(* Let ${\mathsf q}$ be a prime power, $t\in\{0,\ldots,{\mathsf K}-1\}$, $\mathbb{D}\in\mathbb{F}_{\mathsf q}^{{\mathsf K}\times{\mathsf N}}$, $\mathcal L$ a leader set, and $\mathcal A\subseteq[{\mathsf K}]\setminus\mathcal L$ with $|\mathcal A|=t+1$. Then, for every choice of the subfiles $F_{i,\mathcal W}$, $$W_{\mathcal A}=\sum_{\substack{\mathcal S\subseteq\mathcal A\cup\mathcal L:\ |\mathcal S|=t+1,\ \mathcal S\neq\mathcal A}}\beta_{\mathcal A,\mathcal S}\,W_{\mathcal S},\qquad \beta_{\mathcal A,\mathcal S}=(-1)^{1+\mathrm{Tot}(\overline{\mathrm{Ind}}_{\mathcal S})}\det\!\big(\mathbb{D}'_{\mathcal A\setminus\mathcal S,\ \mathrm{Ind}_{\mathcal S}}\big).$$ In particular every message $W_{\mathcal S}$ on the right-hand side satisfies $\mathcal S\cap\mathcal L\neq\emptyset$.
   Context: Notation: sets of integers are listed increasingly, $\mathcal S(1)<\mathcal S(2)<\cdots$. $\mathbb{D}$ has rows $\mathbf y_k=(y_{k,1},\ldots,y_{k,{\mathsf N}})$. A leader set is $\mathcal L\subseteq[{\mathsf K}]$ with $|\mathcal L|=\mathrm{rank}_{\mathsf q}(\mathbb{D}_{\mathcal L})=\mathrm{rank}_{\mathsf q}(\mathbb{D})$, where $\mathbb{D}_{\mathcal L}$ is the submatrix of rows in $\mathcal L$. For each $k\in[{\mathsf K}]$ let $\mathbf x_k=(x_{k,1},\ldots,x_{k,|\mathcal L|})\in\mathbb{F}_{\mathsf q}^{|\mathcal L|}$ be the unique vector with $\mathbf y_k=\sum_{j}x_{k,j}\mathbf y_{\mathcal L(j)}$, and let $\mathbb{D}'$ be the ${\mathsf K}\times|\mathcal L|$ matrix with rows $\mathbf x_k$. Subfiles $F_{i,\mathcal W}\in\mathbb{F}_{\mathsf q}^{\ell}$ for $i\in[{\mathsf N}]$, $\mathcal W\subseteq[{\mathsf K}]$, $|\mathcal W|=t$. Blocks $B_{k,\mathcal W}=\sum_n y_{k,n}F_{n,\mathcal W}$. For $\mathcal S\subseteq[{\mathsf K}]$, $|\mathcal S|=t+1$, let $\mathcal L_{\mathcal S}=\mathcal S\cap\mathcal L$, $\mathcal N_{\mathcal S}=\mathcal S\setminus\mathcal L$, and $W_{\mathcal S}=\sum_{i\in[|\mathcal L_{\mathcal S}|]}(-1)^{i-1}B_{\mathcal L_{\mathcal S}(i),\mathcal S\setminus\{\mathcal L_{\mathcal S}(i)\}}+\sum_{j\in[|\mathcal N_{\mathcal S}|]}(-1)^{j-1}B_{\mathcal N_{\mathcal S}(j),\mathcal S\setminus\{\mathcal N_{\mathcal S}(j)\}}$. For $\mathcal S\subseteq\mathcal A\cup\mathcal L$: $\mathrm{Ind}_{\mathcal S}=\{i\in[|\mathcal L|]:\mathcal L(i)\in\mathcal S\}$, $\overline{\mathrm{Ind}}_{\mathcal S}=\{i\in[t+1]:\mathcal A(i)\notin\mathcal S\}$, and $\mathrm{Tot}(\mathcal X)$ is the sum of the elements of $\mathcal X$. When $|\mathcal S|=t+1$, $|\mathcal A\setminus\mathcal S|=|\mathrm{Ind}_{\mathcal S}|$, and $\mathbb{D}'_{\mathcal A\setminus\mathcal S,\mathrm{Ind}_{\mathcal S}}$ is the square submatrix of $\mathbb{D}'$ with rows indexed by $\mathcal A\setminus\mathcal S$ and columns indexed by $\mathrm{Ind}_{\mathcal S}$, both taken in increasing order. *)

theory Defs
  imports Main "Jordan_Normal_Form.Determinant"
begin

text \<open>Users are indexed by [K] = {1..K}, files by [N] = {1..N}.
  The demand matrix D is a function nat => nat => 'a where D k n is the entry
  in row k, column n (only 1 <= k <= K, 1 <= n <= N are relevant).
  Subfiles F i W are vectors in F_q^ell, represented by their coordinate
  functions F i W p for p < ell.\<close>

definition elem :: "nat set \<Rightarrow> nat \<Rightarrow> nat" where
  "elem S i = sorted_list_of_set S ! (i - 1)"

definition lin_indep_rows :: "(nat \<Rightarrow> nat \<Rightarrow> 'a::field) \<Rightarrow> nat \<Rightarrow> nat set \<Rightarrow> bool" where
  "lin_indep_rows D N R \<longleftrightarrow>
     (\<forall>c :: nat \<Rightarrow> 'a. (\<forall>n\<in>{1..N}. (\<Sum>k\<in>R. c k * D k n) = 0) \<longrightarrow> (\<forall>k\<in>R. c k = 0))"

definition rank_rows :: "(nat \<Rightarrow> nat \<Rightarrow> 'a::field) \<Rightarrow> nat \<Rightarrow> nat set \<Rightarrow> nat" where
  "rank_rows D N R = Max (card ` {S. S \<subseteq> R \<and> lin_indep_rows D N S})"

definition leader_set :: "(nat \<Rightarrow> nat \<Rightarrow> 'a::field) \<Rightarrow> nat \<Rightarrow> nat \<Rightarrow> nat set \<Rightarrow> bool" where
  "leader_set D K N L \<longleftrightarrow> L \<subseteq> {1..K} \<and>
     card L = rank_rows D N L \<and> rank_rows D N L = rank_rows D N {1..K}"

text \<open>D' k j = x_{k,j}: the unique coefficients with y_k = sum_j x_{k,j} y_{L(j)}
  (coefficient vector indexed by j in {1..|L|}, set to 0 outside).\<close>
definition Dprime :: "(nat \<Rightarrow> nat \<Rightarrow> 'a::field) \<Rightarrow> nat \<Rightarrow> nat set \<Rightarrow> nat \<Rightarrow> nat \<Rightarrow> 'a" where
  "Dprime D N L k = (THE x :: nat \<Rightarrow> 'a.
      (\<forall>n\<in>{1..N}. D k n = (\<Sum>j\<in>{1..card L}. x j * D (elem L j) n)) \<and>
      (\<forall>j. j \<notin> {1..card L} \<longrightarrow> x j = 0))"

definition blockB :: "(nat \<Rightarrow> nat \<Rightarrow> 'a::field) \<Rightarrow> nat \<Rightarrow> (nat \<Rightarrow> nat set \<Rightarrow> nat \<Rightarrow> 'a)
    \<Rightarrow> nat \<Rightarrow> nat set \<Rightarrow> nat \<Rightarrow> 'a" where
  "blockB D N F k W p = (\<Sum>n\<in>{1..N}. D k n * F n W p)"

definition msgW :: "(nat \<Rightarrow> nat \<Rightarrow> 'a::field) \<Rightarrow> nat \<Rightarrow> nat set \<Rightarrow> (nat \<Rightarrow> nat set \<Rightarrow> nat \<Rightarrow> 'a)
    \<Rightarrow> nat set \<Rightarrow> nat \<Rightarrow> 'a" where
  "msgW D N L F S p =
    (let LS = S \<inter> L; NS = S - L in
      (\<Sum>i\<in>{1..card LS}. (-1) ^ (i - 1) * blockB D N F (elem LS i) (S - {elem LS i}) p)
    + (\<Sum>j\<in>{1..card NS}. (-1) ^ (j - 1) * blockB D N F (elem NS j) (S - {elem NS j}) p))"

definition Ind :: "nat set \<Rightarrow> nat set \<Rightarrow> nat set" where
  "Ind L S = {i\<in>{1..card L}. elem L i \<in> S}"

definition IndBar :: "nat \<Rightarrow> nat set \<Rightarrow> nat set \<Rightarrow> nat set" where
  "IndBar t A S = {i\<in>{1..t+1}. elem A i \<notin> S}"

definition Tot :: "nat set \<Rightarrow> nat" where
  "Tot X = (\<Sum>x\<in>X. x)"

definition subDprime :: "(nat \<Rightarrow> nat \<Rightarrow> 'a::field) \<Rightarrow> nat \<Rightarrow> nat set \<Rightarrow> nat set \<Rightarrow> nat set \<Rightarrow> 'a mat" where
  "subDprime D N L A S = mat (card (A - S)) (card (Ind L S))
     (\<lambda>(i, j). Dprime D N L (elem (A - S) (i + 1)) (elem (Ind L S) (j + 1)))"

definition beta :: "(nat \<Rightarrow> nat \<Rightarrow> 'a::field) \<Rightarrow> nat \<Rightarrow> nat set \<Rightarrow> nat \<Rightarrow> nat set \<Rightarrow> nat set \<Rightarrow> 'a" where
  "beta D N L t A S = (-1) ^ (1 + Tot (IndBar t A S)) * det (subDprime D N L A S)"

end

theory Submission
  imports Defs
begin

text \<open>
Expand every block B_{k,S-{k}} in the leaders, B_k = \<Sum>_j x_{k,j} B_{L(j)}.  Summing
\<beta>_{A,S} W_S over all (t+1)-subsets S of A \<union> L (including S = A, where \<beta>_{A,A} = -1)
and regrouping by W = S - {k} and j, the coefficient of B_{L(j),W} becomes
\<Sum>_{k \<notin> W} \<beta>_{A,W+k} \<sigma>_{W+k}(k) x_{k,j}, with \<sigma> the sign of B_k in W_{W+k}.  The terms with
k \<in> A form the Laplace expansion, along its first column, of the matrix with rows A - W and
columns j, Ind_W of D'; the only nonzero term with k \<in> L, the one with k = L(j), is the same
determinant with the opposite sign.  So every coefficient vanishes.
\<close>

definition pos :: "nat set \<Rightarrow> nat \<Rightarrow> nat" where
  "pos X y = card {w\<in>X. w < y}"

text \<open>pos is 0-based while elem is 1-based: elem X (Suc (pos X y)) = y.\<close>

lemma set_take_sorted_distinct:
  fixes xs :: "nat list"
  assumes "sorted xs" "distinct xs" "i < length xs"
  shows "{w\<in>set xs. w < xs!i} = set (take i xs)"
proof
  show "{w \<in> set xs. w < xs ! i} \<subseteq> set (take i xs)"
  proof
    fix w assume "w \<in> {w \<in> set xs. w < xs ! i}"
    then obtain m where m: "m < length xs" "w = xs!m" "xs!m < xs!i" by (auto simp: in_set_conv_nth)
    have "m < i"
    proof (rule ccontr)
      assume "\<not> m < i" then have "xs!i \<le> xs!m" using assms m by (simp add: sorted_nth_mono)
      with m show False by simp
    qed
    then show "w \<in> set (take i xs)" using m by (auto simp: in_set_conv_nth)
  qed
  show "set (take i xs) \<subseteq> {w \<in> set xs. w < xs ! i}"
  proof
    fix w assume "w \<in> set (take i xs)"
    then obtain m where m: "m < i" "w = xs!m" using assms by (auto simp: in_set_conv_nth)
    have "xs!m \<le> xs!i" using assms m by (simp add: sorted_nth_mono)
    moreover have "xs!m \<noteq> xs!i" using assms m by (simp add: nth_eq_iff_index_eq)
    ultimately show "w \<in> {w \<in> set xs. w < xs ! i}" using m assms by auto
  qed
qed

lemma
  assumes "finite X" "i < card X"
  shows elem_Suc_mem: "elem X (Suc i) \<in> X"
    and pos_elem_Suc: "pos X (elem X (Suc i)) = i"
proof -
  let ?xs = "sorted_list_of_set X"
  have e: "elem X (Suc i) = ?xs ! i" by (simp add: elem_def)
  show "elem X (Suc i) \<in> X" using assms e by (metis length_sorted_list_of_set nth_mem set_sorted_list_of_set)
  have "{w\<in>X. w < ?xs!i} = set (take i ?xs)"
    using set_take_sorted_distinct[of ?xs i] assms by simp
  then show "pos X (elem X (Suc i)) = i" using assms e by (simp add: pos_def distinct_card)
qed

lemma pos_le_mono: "finite X \<Longrightarrow> y \<le> z \<Longrightarrow> pos X y \<le> pos X z"
  unfolding pos_def by (intro card_mono) auto

lemma pos_less_mono:
  assumes "finite X" "y \<in> X" "y < z"
  shows "pos X y < pos X z"
proof -
  have "insert y {w\<in>X. w < y} \<subseteq> {w\<in>X. w < z}" using assms by auto
  then have "card (insert y {w\<in>X. w < y}) \<le> card {w\<in>X. w < z}"
    using assms by (intro card_mono) auto
  then show ?thesis using assms by (simp add: pos_def)
qed

lemma pos_less_card: "finite X \<Longrightarrow> y \<in> X \<Longrightarrow> pos X y < card X"
  unfolding pos_def by (rule psubset_card_mono) auto

lemma strict_mono_on_pos: "finite X \<Longrightarrow> strict_mono_on X (pos X)"
  by (rule strict_mono_onI) (rule pos_less_mono)

lemma inj_on_pos: "finite X \<Longrightarrow> inj_on (pos X) X"
  using strict_mono_on_imp_inj_on strict_mono_on_pos by blast

lemma elem_Suc_pos: "finite X \<Longrightarrow> y \<in> X \<Longrightarrow> elem X (Suc (pos X y)) = y"
  using inj_on_pos elem_Suc_mem pos_elem_Suc pos_less_card by (metis inj_on_eq_iff)

lemma pos_elem:
  assumes "finite X" "i \<in> {1..card X}"
  shows "pos X (elem X i) = i - 1" "elem X i \<in> X"
  using pos_elem_Suc[OF assms(1), of "i - 1"] elem_Suc_mem[OF assms(1), of "i - 1"] assms(2) by auto

lemma bij_betw_elem_Suc: "finite X \<Longrightarrow> bij_betw (\<lambda>i. elem X (Suc i)) {..<card X} X"
  by (rule bij_betw_byWitness[where f' = "pos X"])
     (auto simp: elem_Suc_mem pos_elem_Suc elem_Suc_pos pos_less_card)

lemma bij_betw_elem: "finite X \<Longrightarrow> bij_betw (elem X) {1..card X} X"
  by (rule bij_betw_byWitness[where f' = "\<lambda>y. Suc (pos X y)"])
     (auto simp: pos_elem elem_Suc_pos Suc_le_eq pos_less_card)

lemma sum_elem: "finite X \<Longrightarrow> (\<Sum>j\<in>{1..card X}. g (elem X j)) = (\<Sum>l\<in>X. g l)"
  using sum.reindex_bij_betw[OF bij_betw_elem] by blast

lemma pos_image:
  assumes "strict_mono_on Y f" "X \<subseteq> Y" "y \<in> Y" "finite X"
  shows "pos (f ` X) (f y) = pos X y"
proof -
  have inj: "inj_on f Y" using assms(1) by (rule strict_mono_on_imp_inj_on)
  have "{w\<in>f ` X. w < f y} = f ` {w\<in>X. w < y}"
    using assms(1-3) by (auto simp: strict_mono_on_less)
  moreover have "inj_on f {w\<in>X. w < y}" by (rule inj_on_subset[OF inj]) (use assms(2) in auto)
  ultimately show ?thesis unfolding pos_def by (simp add: card_image)
qed

lemma pos_insert_self: "finite C \<Longrightarrow> j \<notin> C \<Longrightarrow> pos (insert j C) j = pos C j"
  unfolding pos_def by (rule arg_cong[where f=card]) auto

lemma card_Diff_elem: "finite X \<Longrightarrow> i < card X \<Longrightarrow> card (X - {elem X (Suc i)}) = card X - 1"
  by (simp add: elem_Suc_mem card_Diff_singleton)

lemma elem_Diff_elem:
  assumes f: "finite X" and p: "p < card X" and i: "i < card X - 1"
  shows "elem (X - {elem X (Suc p)}) (Suc i) = elem X (if i < p then Suc i else Suc (Suc i))"
proof -
  define z where "z = elem X (Suc p)"
  define q where "q = (if i < p then i else Suc i)"
  have q: "q < card X" unfolding q_def using i p by auto
  define y where "y = elem X (Suc q)"
  have yX: "y \<in> X" and py: "pos X y = q" using elem_Suc_mem[OF f q] pos_elem_Suc[OF f q] by (simp_all add: y_def)
  have zX: "z \<in> X" and pz: "pos X z = p" using elem_Suc_mem[OF f p] pos_elem_Suc[OF f p] by (simp_all add: z_def)
  have yz: "y \<noteq> z" using py pz by (auto simp: q_def split: if_splits)
  have "pos (X - {z}) y = i"
  proof (cases "i < p")
    case True
    then have "y < z" using py pz pos_le_mono[OF f, of z y] by (fastforce simp: q_def)
    then have "{w\<in>X - {z}. w < y} = {w\<in>X. w < y}" by auto
    then show ?thesis using py True unfolding pos_def by (simp add: q_def)
  next
    case False
    then have zy: "z < y" using py pz pos_le_mono[OF f, of y z] by (fastforce simp: q_def)
    then have "{w\<in>X - {z}. w < y} = {w\<in>X. w < y} - {z}" by auto
    moreover have "z \<in> {w\<in>X. w < y}" using zX zy by simp
    ultimately show ?thesis using py False f unfolding pos_def by (simp add: q_def card_Diff_singleton)
  qed
  then have "elem (X - {z}) (Suc i) = y" using elem_Suc_pos[of "X - {z}" y] f yX yz by simp
  then show ?thesis by (simp add: y_def q_def z_def)
qed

★ ★ ★ ★

--- Task objective ---
Check each line of the data above for the string "sign", and copy the ones that have it.

--- Solution for this problem ---
\<Sum>_{k \<notin> W} \<beta>_{A,W+k} \<sigma>_{W+k}(k) x_{k,j}, with \<sigma> the sign of B_k in W_{W+k}.  The terms with
determinant with the opposite sign.  So every coefficient vanishes.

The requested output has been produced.